Recording: Painting from Blink’s Perspective
The interest area is the region around the viewport for which SkPictures are recorded. When the DOM has changed, e.g. because the style of some elements are now different from the previous main-thread frame and have been invalidated, Blink paints the regions of invalidated layers within the interest area into an SkPicture-backed GraphicsContext. This doesn’t actually produce new pixels, rather it produces a display list of the Skia commands necessary to produce those new pixels. This display list will be used later to generate new pixels at the compositor’s discretion.
The Commit: Handoff to the Compositor Thread
The threaded compositor’s key property is operation on a copy of main thread state so it can produce frames without needing to ask the main thread for anything. There are accordingly two sides to the threaded compositor: the main-thread side, and the (poorly named) “impl” side, which is the compositor thread’s half.

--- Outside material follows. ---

(* Let $\mathcal M=(S,L,\tau,\ell)$ be an LMC (possibly with infinitely many states). There is a policy $T$ such that for all $(s,t)\in S^2$ and all policies $T'$, \[ d(s,t)=\mathcal R^T_{\mathcal M}((s,t),S^2_1)\le\mathcal R^{T'}_{\mathcal M}((s,t),S^2_1). \] In particular $d=\min_{T}\mathcal R^T_{\mathcal M}(\cdot,S^2_1)$, the minimum being over all policies.
   Context: An LMC $\mathcal M=(S,L,\tau,\ell)$ has a nonempty countable state set $S$, finite label set $L$, finitely-branching transition function $\tau:S\to\mathrm{Distr}(S)$ and labelling $\ell$. The probabilistic bisimilarity distance $d$ is the least fixed point of $\Delta(e)(s,t)=1$ if $\ell(s)\ne\ell(t)$ and $\Delta(e)(s,t)=\min_{\omega\in\Omega(\tau(s),\tau(t))}\sum_{u,v}\omega(u,v)e(u,v)$ otherwise, where $\Omega(\mu,\nu)$ is the set of couplings (distributions on $S\times S$ with marginals $\mu,\nu$). Probabilistic bisimilarity $\sim$ is the largest equivalence $R$ on $S$ such that $(s,t)\in R$ implies $\ell(s)=\ell(t)$ and $\tau(s)(E)=\tau(t)(E)$ for every $R$-class $E$. Partition $S^2$ into $S^2_0=\{(s,t):s\sim t\}$, $S^2_1=\{(s,t):\ell(s)\ne\ell(t)\}$, $S^2_?=S^2\setminus(S^2_0\cup S^2_1)$. A policy is a map $T:S^2_?\to\mathrm{Distr}(S^2)$ with $T(s,t)\in\Omega(\tau(s),\tau(t))$. The Markov chain $\mathcal C^T_{\mathcal M}$ on $S^2$ has every pair in $S^2_0\cup S^2_1$ absorbing and from $(u,v)\in S^2_?$ moves to $(x,y)$ with probability $T(u,v)(x,y)$. $\mathcal R^T_{\mathcal M}((s,t),Z)$ is the probability that $\mathcal C^T_{\mathcal M}$ started in $(s,t)$ reaches $Z\subseteq S^2$. *)

theory Defs
  imports "HOL-Probability.Probability"
begin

The main thread has a LayerTreeHost, which is its copy of the layer tree, and the impl thread has a LayerTreeHostImpl, which is its copy of the layer tree. Similar naming conventions are followed throughout.
Conceptually these two layer trees are completely separate, and the compositor (impl) thread’s copy can be used to produce frames without any interaction with the main thread. This means the main thread can be busy running JavaScript and the compositor can still be redraw previously-committed content on the GPU without interruption.
In order to produce interesting new frames, the compositor thread needs to know how it should modify its state (e.g. updating layer transforms in response to an event like a scroll). Hence, some input events (like scrolls) are forwarded from the Browser process to the compositor first and from there to the Renderer main thread. With input and output under its control, the threaded compositor can guarantee visual responsiveness to user input. In addition to scrolls, the compositor can perform any other page updates that don’t require asking Blink to repaint anything. Thus far CSS animations and CSS filters are the only other major compositor-driven page updates.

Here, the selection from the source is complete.